Este atelier tem uma riqueza de cores com aproximadamente 25.000 tonalidades
diferentes. Seus artistas se ocupam, em primeiro lugar, com a conservação constante de antigos mosaicos, como também, a arte
de copiá-los. Em Berlim, existe um atelier de mosaico que chega a produzir cerca
de 14.000 tonalidades diferentes e cerca de 3.000 em ouro e prata.
O Brasil, apesar de nação jovem, já vem realizando algo de apreciável no campo
do mosaico. Sendo um dos países cuja arquitetura é hoje considerada como de vanguarda, a aplicação dos mosaicos no revestimento
de fachadas , de interiores, de jardins, etc. vem encontrando um número de adeptos cada vez mais acentuado. Isto porque o
mosaico dá um efeito decorativo bem característico, seja pelo jogo de luz, de dia e de noite, como pela preservação que dá à parede ou superfície com o qual é coberto.
Não resta dúvida de que o mosaico produzido no Brasil se ressente de uma gama
de cores mais dilatada, o que impossibilita a execução de muitos trabalhos que resultariam mais ricos do que os atualmente
apresentados.
As fotos que ilustram este artigo, mostram alguns trabalhos do autor do mesmo.
AGORA, A FOTO COLORIDA DO
PEIXE É DE AUTORIA DE HEINZ SCHUELER EM PARCERIA COM O GRANDE ARTISTA CARYBÉ.

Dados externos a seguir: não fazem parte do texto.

(* An affine set that is a regular r-dimensional submanifold has affine dimension r:
   the derivatives of a slice chart at q identify the direction space M of L with the
   r-dimensional model subspace E. *)
lemma aff_dim_affine_regular_submanifold:
  fixes L :: "'a::euclidean_space set"
  assumes regular: "regular_submanifold r L" and affine: "affine L" and q: "q \<in> L"
  shows "aff_dim L = int r"
proof -
  obtain U V E and \<psi> \<phi> :: "'a \<Rightarrow> 'a" where
    U: "open U" "q \<in> U" and V: "open V" and E: "subspace E" "dim E = r"
    and smooth: "smooth_on U \<psi>" "smooth_on V \<phi>"
    and inv_U: "\<forall>x\<in>U. \<phi> (\<psi> x) = x" and inv_V: "\<forall>y\<in>V. \<psi> (\<phi> y) = y"
    and slice: "\<psi> ` (L \<inter> U) = V \<inter> E"
    using regular q unfolding regular_submanifold_def by metis
  define M where "M = (\<lambda>x. x - q) ` L"
  have M: "subspace M" unfolding M_def using affine q by (rule affine_diffs_subspace_subtract)
  have aff_dim_L: "aff_dim L = int (dim M)"
    unfolding M_def using q by (intro aff_dim_eq_dim_subtract hull_inc)
  define a where "a = \<psi> q"
  have a: "a \<in> V" "a \<in> E" "\<phi> a = q"
    using slice q U(2) inv_U unfolding a_def by auto
  obtain D\<psi> where D\<psi>: "(\<psi> has_derivative D\<psi>) (at q)"
    using smooth_on_imp_differentiable_on[OF smooth(1)] U
    by (metis differentiable_def differentiable_on_eq_differentiable_at)
  obtain D\<phi> where D\<phi>: "(\<phi> has_derivative D\<phi>) (at a)"
    using smooth_on_imp_differentiable_on[OF smooth(2)] V a(1)
    by (metis differentiable_def differentiable_on_eq_differentiable_at)
  have left_inv: "D\<phi> (D\<psi> v) = v" for v
    using derivative_of_left_inverse[OF D\<psi> _ U] D\<phi> inv_U unfolding a_def by blast
  have right_inv: "D\<psi> (D\<phi> v) = v" for v
    using derivative_of_left_inverse[OF D\<phi> _ V a(1)] D\<psi> inv_V a(3) by auto
  have "D\<psi> v \<in> E" if "v \<in> M" for v
  proof (rule derivative_preserves_subspace[OF D\<psi> U M E(1) _ that])
    fix w assume "w \<in> M" "q + w \<in> U"
    then have "\<psi> (q + w) \<in> V \<inter> E" unfolding slice[symmetric] M_def by auto
    then show "\<psi> (q + w) - \<psi> q \<in> E" using E(1) a(2) unfolding a_def by (simp add: subspace_diff)
  qed
  then have "dim M \<le> dim E"
    using dim_le_if_left_inverse has_derivative_linear D\<psi> D\<phi> left_inv by (metis image_subsetI)
  have "D\<phi> v \<in> M" if "v \<in> E" for v
  proof (rule derivative_preserves_subspace[OF D\<phi> V a(1) E(1) M _ that])
    fix w assume "w \<in> E" "a + w \<in> V"
    then have "a + w \<in> \<psi> ` (L \<inter> U)" unfolding slice using E(1) a(2) by (simp add: subspace_add)
    then obtain x where "x \<in> L" "x \<in> U" "a + w = \<psi> x" by blast
    then show "\<phi> (a + w) - \<phi> a \<in> M" unfolding M_def using inv_U a(3) by auto
  qed
  then have "dim E \<le> dim M"
    using dim_le_if_left_inverse has_derivative_linear D\<psi> D\<phi> right_inv by (metis image_subsetI)
  with \<open>dim M \<le> dim E\<close> show ?thesis using aff_dim_L E(2) by simp
qed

EM BREVE VAMOS EXAMINAR ESSA PRECIOSIDADE E OUTRAS MAIS DA GRANDE DUPLA HEINZ SCHUELLER E CARYBÉ.
Uma dessas fotos refere-se a um trabalho concebido pelo artista Flávio Phebo (cenarista consagrado e já
estudado em outro capítulo deste site) e foi executada por Heinz Schueler. Depois de concluida, a obra foi destinada à residência
da Sra. Maria da Estrella de Melo Bittencout, que na época residia à Rua Angatuba, 684, em São Paulo. Veja na foto abaixo.
Esta segunda foto (abaixo) é um painel em mosaico retratando peixes. Foi concebida e executada por
Heinz Schueler. Depois de finalizada a obra, o autor encaminhou a peça ao mesmo destino da obra anterior.